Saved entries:
lemma borel_measurable_Yval: "k \<le> n \<Longrightarrow> Yval D k \<in> borel_measurable histM"
proof -
  assume k: "k \<le> n"
  have "(\<lambda>h. meanR D i h) \<in> borel_measurable histM" if "i < n" for i
    unfolding meanR_def using that
    by (intro measurable_compose[OF measurable_D_trunc integral_measurable_subprob_algebra])
      (auto intro: measurable_ident_sets)
  then show ?thesis
    unfolding Yval_def using k by (intro borel_measurable_sum borel_measurable_times) auto
qed

lemma borel_measurable_hist_potential:
  assumes "k \<le> n"
  shows "hist_potential D q k \<in> borel_measurable histM"
proof -
  note [measurable] = borel_measurable_Yval[OF assms]
  show ?thesis unfolding hist_potential_def by measurable
qed

lemma measurable_round_kernel: "k < n \<Longrightarrow> round_kernel k \<in> histM \<rightarrow>\<^sub>M subprob_algebra histM"
  unfolding round_kernel_def
proof (rule measurable_bind'[OF measurable_D_trunc])
  have "(\<lambda>(h, r). h(k := r)) \<in> histM \<Otimes>\<^sub>M borel \<rightarrow>\<^sub>M histM"
    using measurable_add_dim[of k UNIV "\<lambda>_. borel"] by (simp add: histM_def insert_UNIV)
  from measurable_compose[OF this return_measurable]
  show "(\<lambda>(h, r). return histM (h(k := r))) \<in> histM \<Otimes>\<^sub>M borel \<rightarrow>\<^sub>M subprob_algebra histM"
    by (simp add: case_prod_unfold)
qed

lemma sets_round_kernel: "k < n \<Longrightarrow> sets (round_kernel k h) = sets histM"
  unfolding round_kernel_def using prob_space_D[of k "trunc k h"]
  by (subst sets_bind[where N=histM]) (auto simp: prob_space.not_empty sets_eq_imp_space_eq)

Problem details: Give the records again, complete and exact.

Finished exercise:
lemma borel_measurable_Yval: "k \<le> n \<Longrightarrow> Yval D k \<in> borel_measurable histM"
proof -
  assume k: "k \<le> n"
  have "(\<lambda>h. meanR D i h) \<in> borel_measurable histM" if "i < n" for i
    unfolding meanR_def using that
    by (intro measurable_compose[OF measurable_D_trunc integral_measurable_subprob_algebra])
      (auto intro: measurable_ident_sets)
  then show ?thesis
    unfolding Yval_def using k by (intro borel_measurable_sum borel_measurable_times) auto
qed

lemma borel_measurable_hist_potential:
  assumes "k \<le> n"
  shows "hist_potential D q k \<in> borel_measurable histM"
proof -
  note [measurable] = borel_measurable_Yval[OF assms]
  show ?thesis unfolding hist_potential_def by measurable
qed

lemma measurable_round_kernel: "k < n \<Longrightarrow> round_kernel k \<in> histM \<rightarrow>\<^sub>M subprob_algebra histM"
  unfolding round_kernel_def
proof (rule measurable_bind'[OF measurable_D_trunc])
  have "(\<lambda>(h, r). h(k := r)) \<in> histM \<Otimes>\<^sub>M borel \<rightarrow>\<^sub>M histM"
    using measurable_add_dim[of k UNIV "\<lambda>_. borel"] by (simp add: histM_def insert_UNIV)
  from measurable_compose[OF this return_measurable]
  show "(\<lambda>(h, r). return histM (h(k := r))) \<in> histM \<Otimes>\<^sub>M borel \<rightarrow>\<^sub>M subprob_algebra histM"
    by (simp add: case_prod_unfold)
qed

lemma sets_round_kernel: "k < n \<Longrightarrow> sets (round_kernel k h) = sets histM"
  unfolding round_kernel_def using prob_space_D[of k "trunc k h"]
  by (subst sets_bind[where N=histM]) (auto simp: prob_space.not_empty sets_eq_imp_space_eq)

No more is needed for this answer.